Let's assume I'm a single coder who is the entire engineering team for GTA V, without support libraries, and let's assume I'm stuck in some kind of crazy time dilation field that makes this vaguely plausible because otherwise I'll be at it for decades or centuries. Also I'm immortal.
Here's how I'd approach it:
First, get the main window showing Next, render a hardcoded 3d triangle in the window Get a basic model exported from the 3d program Get that model imported into the game Render that model with a simple flat color Add texture support Add shader support At this point I have a realistic-looking human character standing in an endless black void, and maybe I can move the camera around him.
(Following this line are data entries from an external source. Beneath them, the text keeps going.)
lemma fnorm_scale:
  assumes "0 < k"
  shows "fnorm a k \<alpha> \<beta> (\<lambda>t. e * g t) = \<bar>e\<bar> * fnorm a k \<alpha> \<beta> g"
proof -
  have ne: "tscale_kappa a k \<noteq> {}" and fin: "finite (tscale_kappa a k)"
    using assms by (auto simp: tscale_kappa_def)
  have "fnorm a k \<alpha> \<beta> (\<lambda>t. e * g t) =
     Max ((\<lambda>t. \<bar>e\<bar> * \<bar>g (t + 1)\<bar>) ` tscale_kappa a k)
   + Max ((\<lambda>t. \<bar>e\<bar> * \<bar>left_fdiff a \<alpha> g t\<bar>) ` tscale_kappa a k)
   + Max ((\<lambda>t. \<bar>e\<bar> * \<bar>right_fdiff (a + real k) \<beta> g t\<bar>) ` tscale_kappa a k)"
    unfolding fnorm_def left_fdiff_scale right_fdiff_scale by (simp add: abs_mult)
  also have "\<dots> = \<bar>e\<bar> * fnorm a k \<alpha> \<beta> g"
    unfolding fnorm_def using fin ne by (simp add: Max_scale algebra_simps)
  finally show ?thesis .
qed

lemma fnorm_nonneg:
  assumes "0 < k"
  shows "0 \<le> fnorm a k \<alpha> \<beta> g"
proof -
  have t: "a \<in> tscale_kappa a k" using assms by (force simp: tscale_kappa_def)
  have "0 \<le> Max ((\<lambda>t. \<bar>h t\<bar>) ` tscale_kappa a k)" for h :: "real \<Rightarrow> real"
    using t by (intro order_trans[OF abs_ge_zero Max_ge]) (auto simp: tscale_kappa_def)
  then show ?thesis unfolding fnorm_def by (intro add_nonneg_nonneg) auto
qed

section \<open>First variation of the functional\<close>

definition along ::
  "(real \<Rightarrow> real \<Rightarrow> real \<Rightarrow> real \<Rightarrow> real) \<Rightarrow> real \<Rightarrow> nat \<Rightarrow> real \<Rightarrow> real \<Rightarrow> (real \<Rightarrow> real) \<Rightarrow> real \<Rightarrow> real"
  where "along F a k \<alpha> \<beta> y t = F t (y (t + 1)) (left_fdiff a \<alpha> y t) (right_fdiff (a + real k) \<beta> y t)"

lemma funct_variation_has_derivative:
  fixes L Lu Lv Lw :: "real \<Rightarrow> real \<Rightarrow> real \<Rightarrow> real \<Rightarrow> real"
  assumes Lu: "\<And>t u v w. t \<in> tscale_kappa a k \<Longrightarrow>
               ((\<lambda>x. L t x v w) has_real_derivative Lu t u v w) (at u)"
    and Lv: "\<And>t u v w. t \<in> tscale_kappa a k \<Longrightarrow>
               ((\<lambda>x. L t u x w) has_real_derivative Lv t u v w) (at v)"
    and Lw: "\<And>t u v w. t \<in> tscale_kappa a k \<Longrightarrow>
               ((\<lambda>x. L t u v x) has_real_derivative Lw t u v w) (at w)"
    and cont: "\<And>t. t \<in> tscale_kappa a k \<Longrightarrow>
               continuous_on UNIV (\<lambda>(u, v, w). Lv t u v w) \<and> continuous_on UNIV (\<lambda>(u, v, w). Lw t u v w)"
  shows "((\<lambda>e. funct L a k \<alpha> \<beta> (\<lambda>t. y t + e * \<eta> t)) has_real_derivative
            (\<Sum>i<k. \<eta> (a + real i + 1) * along Lu a k \<alpha> \<beta> y (a + real i))
          + (\<Sum>i<k. left_fdiff a \<alpha> \<eta> (a + real i) * along Lv a k \<alpha> \<beta> y (a + real i))
          + (\<Sum>i<k. right_fdiff (a + real k) \<beta> \<eta> (a + real i) * along Lw a k \<alpha> \<beta> y (a + real i))) (at 0)"
proof -
  have summand: "((\<lambda>e. L t (y (t + 1) + e * \<eta> (t + 1))
                    (left_fdiff a \<alpha> y t + e * left_fdiff a \<alpha> \<eta> t)
                    (right_fdiff (a + real k) \<beta> y t + e * right_fdiff (a + real k) \<beta> \<eta> t))
         has_real_derivative \<eta> (t + 1) * along Lu a k \<alpha> \<beta> y t + left_fdiff a \<alpha> \<eta> t * along Lv a k \<alpha> \<beta> y t
                             + right_fdiff (a + real k) \<beta> \<eta> t * along Lw a k \<alpha> \<beta> y t) (at 0)"
    if t: "t \<in> tscale_kappa a k" for t
    unfolding along_def
    by (rule directional_derivative_from_partials[OF Lu[OF t] Lv[OF t] Lw[OF t]]) (use cont[OF t] in auto)
  have "((\<lambda>e. funct L a k \<alpha> \<beta> (\<lambda>t. y t + e * \<eta> t)) has_real_derivative
         (\<Sum>i<k. \<eta> (a + real i + 1) * along Lu a k \<alpha> \<beta> y (a + real i)
                + left_fdiff a \<alpha> \<eta> (a + real i) * along Lv a k \<alpha> \<beta> y (a + real i)
                + right_fdiff (a + real k) \<beta> \<eta> (a + real i) * along Lw a k \<alpha> \<beta> y (a + real i))) (at 0)"
    unfolding funct_def left_fdiff_lincomb right_fdiff_lincomb
    by (intro DERIV_sum summand) (auto simp: tscale_kappa_def)
  then show ?thesis by (simp add: sum.distrib)
qed

lemma local_minimizer_first_variation:
  assumes min: "local_minimizer L a k \<alpha> \<beta> A B yt" and k: "0 < k"
    and \<eta>_ends: "\<eta> a = 0" "\<eta> (a + real k) = 0"
    and deriv: "((\<lambda>e. funct L a k \<alpha> \<beta> (\<lambda>t. yt t + e * \<eta> t)) has_real_derivative D) (at 0)"
  shows "D = 0"
proof -
  obtain \<delta> where \<delta>: "\<delta> > 0" and ya: "yt a = A" and yb: "yt (a + real k) = B"
    and local_min: "\<And>y. y a = A \<Longrightarrow> y (a + real k) = B \<Longrightarrow> fnorm a k \<alpha> \<beta> (\<lambda>t. y t - yt t) < \<delta>
               \<Longrightarrow> funct L a k \<alpha> \<beta> yt \<le> funct L a k \<alpha> \<beta> y"
    using min unfolding local_minimizer_def by blast
  define N where "N = fnorm a k \<alpha> \<beta> \<eta>"
  have N: "0 \<le> N" unfolding N_def using k by (rule fnorm_nonneg)
  show "D = 0"
  proof (rule DERIV_local_min[OF deriv])
    show "0 < \<delta> / (N + 1)" using \<delta> N by simp
    show "\<forall>e. \<bar>0 - e\<bar> < \<delta> / (N + 1) \<longrightarrow>
            funct L a k \<alpha> \<beta> (\<lambda>t. yt t + 0 * \<eta> t) \<le> funct L a k \<alpha> \<beta> (\<lambda>t. yt t + e * \<eta> t)"
    proof (intro allI impI)
      fix e assume e: "\<bar>0 - e\<bar> < \<delta> / (N + 1)"
      have "fnorm a k \<alpha> \<beta> (\<lambda>t. (yt t + e * \<eta> t) - yt t) = \<bar>e\<bar> * N"
        unfolding N_def by (simp add: fnorm_scale[OF k])
      also have "\<dots> \<le> \<bar>e\<bar> * (N + 1)" by (simp add: mult_left_mono)
      also have "\<dots> < \<delta>" using e N by (simp add: pos_less_divide_eq)
      finally have small: "fnorm a k \<alpha> \<beta> (\<lambda>t. (yt t + e * \<eta> t) - yt t) < \<delta>" .
      have "yt a + e * \<eta> a = A" "yt (a + real k) + e * \<eta> (a + real k) = B"
        using ya yb \<eta>_ends by simp_all
      then have "funct L a k \<alpha> \<beta> yt \<le> funct L a k \<alpha> \<beta> (\<lambda>t. yt t + e * \<eta> t)"
        using small by (rule local_min)
      then show "funct L a k \<alpha> \<beta> (\<lambda>t. yt t + 0 * \<eta> t) \<le> funct L a k \<alpha> \<beta> (\<lambda>t. yt t + e * \<eta> t)"
        by simp
    qed
  qed
qed

section \<open>Summation by parts against a unit impulse\<close>

text \<open>The unit impulse at c.  Perturbing a function by multiples of a unit impulse at an
  interior grid point keeps the boundary values fixed.\<close>

definition kronecker :: "real \<Rightarrow> real \<Rightarrow> real"
  where "kronecker c s = (if s = c then 1 else 0)"

lemma kronecker_grid: "kronecker (a + real m) (a + real i) = (if i = m then 1 else 0)"
  by (simp add: kronecker_def)

lemma sum_mult_indicator:
  "(\<Sum>i<(n::nat). f i * (if i = m then 1 else 0)) = (if m < n then f m else (0::real))"
proof -
  have "(\<Sum>i<n. f i * (if i = m then 1 else 0)) = (\<Sum>i<n. if i = m then f i else 0)"
    by (intro sum.cong) auto
  then show ?thesis by (simp add: sum.delta')
qed

lemma sum_mult_indicator_shifted:
  assumes "n \<le> (K::nat)" "m \<le> K"
  shows "(\<Sum>i\<in>{1..K - n}. f i * (if n + i = m then 1 else 0)) = (if n < m then f (m - n) else (0::real))"
proof (cases "n < m")
  case True
  have "(\<Sum>i\<in>{1..K - n}. f i * (if n + i = m then 1 else 0)) = (\<Sum>i\<in>{1..K - n}. if i = m - n then f i else 0)"
    using True by (intro sum.cong) auto
  also have "\<dots> = f (m - n)" using True assms by (auto simp add: sum.delta')
  finally show ?thesis using True by simp
next
  case False
  then show ?thesis by (intro trans[OF sum.neutral]) auto
qed

lemma left_fsum_kronecker:
  "left_fsum a \<nu> (kronecker (a + real m)) (a + real n) =
     (if n = m then 1 else 0) + \<nu> / Gamma (\<nu> + 1) * (if m < n then gpow (real n - real m - 1 + \<nu>) (\<nu> - 1) else 0)"
  unfolding left_fsum_grid kronecker_grid sum_mult_indicator by simp

lemma right_fsum_kronecker:
  assumes "n \<le> K" "m \<le> K"
  shows "right_fsum (a + real K) \<nu> (kronecker (a + real m)) (a + real n) =
     (if n = m then 1 else 0) + \<nu> / Gamma (\<nu> + 1) * (if n < m then gpow (real m - real n - 1 + \<nu>) (\<nu> - 1) else 0)"
proof -
  have "right_fsum (a + real K) \<nu> (kronecker (a + real m)) (a + real n) = (if n = m then 1 else 0)
     + \<nu> / Gamma (\<nu> + 1) * (\<Sum>i\<in>{1..K - n}. gpow (real i - 1 + \<nu>) (\<nu> - 1) * (if n + i = m then 1 else 0))"
    unfolding right_fsum_grid[OF assms(1)] kronecker_grid ..
  also have "\<dots> = (if n = m then 1 else 0)
     + \<nu> / Gamma (\<nu> + 1) * (if n < m then gpow (real m - real n - 1 + \<nu>) (\<nu> - 1) else 0)"
    using assms by (subst sum_mult_indicator_shifted) (auto simp: of_nat_diff)
  finally show ?thesis .
qed

lemma sum_shift_interval: "(\<Sum>i\<in>{1..K}. h (n + i)) = (\<Sum>l\<in>{Suc n..<n + K + 1}. (h l :: real))"
  by (rule sum.reindex_bij_witness[of _ "\<lambda>l. l - n" "\<lambda>i. n + i"]) auto

lemma sum_if_less:
  assumes "m \<le> (k::nat)"
  shows "(\<Sum>i<k. if i < m then f i else 0) = (\<Sum>i<m. (f i :: real))"
proof -
  have "(\<Sum>i<k. if i < m then f i else 0) = sum f {i\<in>{..<k}. i < m}"
    by (rule sum.inter_filter[symmetric]) simp
  also have "{i\<in>{..<k}. i < m} = {..<m}" using assms by auto
  finally show ?thesis .
qed

lemma sum_if_ge: "(\<Sum>i<(k::nat). if m \<le> i then f i else 0) = (\<Sum>i\<in>{m..<k}. (f i :: real))"
proof -
  have "(\<Sum>i<k. if m \<le> i then f i else 0) = sum f {i\<in>{..<k}. m \<le> i}"
    by (rule sum.inter_filter[symmetric]) simp
  also have "{i\<in>{..<k}. m \<le> i} = {m..<k}" by auto
  finally show ?thesis .
qed

text \<open>Discrete fractional summation by parts, left version: F is the left fractional sum
  of a unit impulse at m (impulse plus kernel Gr after m) and R a right fractional sum of V
  with the same kernel; summing V against the forward difference of F gives the backward
  difference of R at m.\<close>

lemma sum_by_parts_left_kernel:
  fixes V Gr :: "_ \<Rightarrow> real" and c :: real
  assumes m: "0 < m" "m < k"
    and F: "\<And>n. F n = (if n = m then 1 else 0) + c * (if m < n then Gr (real n - real m - 1) else 0)"
    and R: "\<And>n. n < k \<Longrightarrow> R n = V n + c * (\<Sum>i\<in>{1..k-1-n}. Gr (real i - 1) * V (n + i))"
  shows "(\<Sum>i<k. V i * (F (Suc i) - F i)) = R (m - 1) - R m"
proof -
  have R_shifted: "R n = V n + c * (\<Sum>l\<in>{Suc n..<k}. Gr (real l - real n - 1) * V l)" if "n < k" for n
  proof -
    have "(\<Sum>i\<in>{1..k-1-n}. Gr (real i - 1) * V (n + i)) =
          (\<Sum>i\<in>{1..k-1-n}. (\<lambda>l. Gr (real l - real n - 1) * V l) (n + i))"
      by (intro sum.cong) auto
    also have "\<dots> = (\<Sum>l\<in>{Suc n..<k}. Gr (real l - real n - 1) * V l)"
      using that by (subst sum_shift_interval) (auto intro!: sum.cong)
    finally show ?thesis using that by (simp add: R)
  qed
  have R_before: "R (m - 1) = V (m - 1) + c * (\<Sum>l\<in>{m..<k}. Gr (real l - real m) * V l)"
    using R_shifted[of "m - 1"] m by (simp add: of_nat_diff)
  have sum_shifted: "(\<Sum>i<k. V i * F (Suc i)) = V (m - 1) + c * (\<Sum>l\<in>{m..<k}. Gr (real l - real m) * V l)"
  proof -
    have "(\<Sum>i<k. V i * F (Suc i)) = (\<Sum>i<k. if i = m - 1 then V i else 0) + c * (\<Sum>i<k. if m \<le> i then Gr (real i - real m) * V i else 0)"
      unfolding sum_distrib_left sum.distrib[symmetric]
      using m by (intro sum.cong) (auto simp: F algebra_simps)
    also have "\<dots> = V (m - 1) + c * (\<Sum>l\<in>{m..<k}. Gr (real l - real m) * V l)"
      using m by (auto simp add: sum_if_ge)
    finally show ?thesis .
  qed
  have sum_plain: "(\<Sum>i<k. V i * F i) = V m + c * (\<Sum>l\<in>{Suc m..<k}. Gr (real l - real m - 1) * V l)"
  proof -
    have "(\<Sum>i<k. V i * F i) = (\<Sum>i<k. if i = m then V i else 0) + c * (\<Sum>i<k. if Suc m \<le> i then Gr (real i - real m - 1) * V i else 0)"
      unfolding sum_distrib_left sum.distrib[symmetric]
      using m by (intro sum.cong) (auto simp: F algebra_simps)
    also have "\<dots> = V m + c * (\<Sum>l\<in>{Suc m..<k}. Gr (real l - real m - 1) * V l)"
      using m by (auto simp add: sum_if_ge)
    finally show ?thesis .
  qed
  show ?thesis using sum_shifted sum_plain R_before R_shifted[OF m(2)] by (simp add: right_diff_distrib sum_subtractf)
qed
No animations, though.
Add animation loading Set up animation sequencing and mixing code Now I can "walk" around the endless void, at least in the sense that it looks plausible.
Load terrain and world object formats (this should be easy if I wrote my texture and shader support well!) Now I've got a world to walk around in! And by "walk" I mean "swim, without colliding into anything ever", because I don't have collisions in yet.
Load collision meshes Write entire physics engine (unless I can use Havok or Bullet3d or the like) Connect everything to the physics engine so that collisions now exist Connect physics engine output to animation system so the character reacts realistically I now have a static unchanging world with a character walking around in it.
Set up a general dynamic entity system so I can introduce more objects Write a basic "pedestrian" AI that just walks in random directions Link that to the collision system Now I can walk into people, and they can walk into me!
Vehicular physics Damage, entity states for "death" Respawning (for me, at least :V) Substantially more advanced AI that understands "fear" and "driving" and "aggression" Sure, let's toss some guns in here We've got the basic sandbox system rigged up, but it's a very boring sandbox.
Scripting support for designers, including the ability to influence pretty much every part of the game And now we have, approximately, a game. (Without sound - add sound in there somewhere.)
Keep in mind that, the further this goes, the more complicated the features are. "Main window showing" is less than a day's worth of work. "Scripting support" could easily be a year, and for a game the size of GTA, it's probably multiple years.
The key to really big projects is to figure out a sensible small place to start, then just keep building on it.
Also, note that I'm taking this assuming that I already know what game I want to make. If I'm just prototyping something I might put off "model loading" and "shaders" until well after AI is done - I'd have a prototype consisting of cubes and pyramids walking around a box-based world and driving rectangular cars.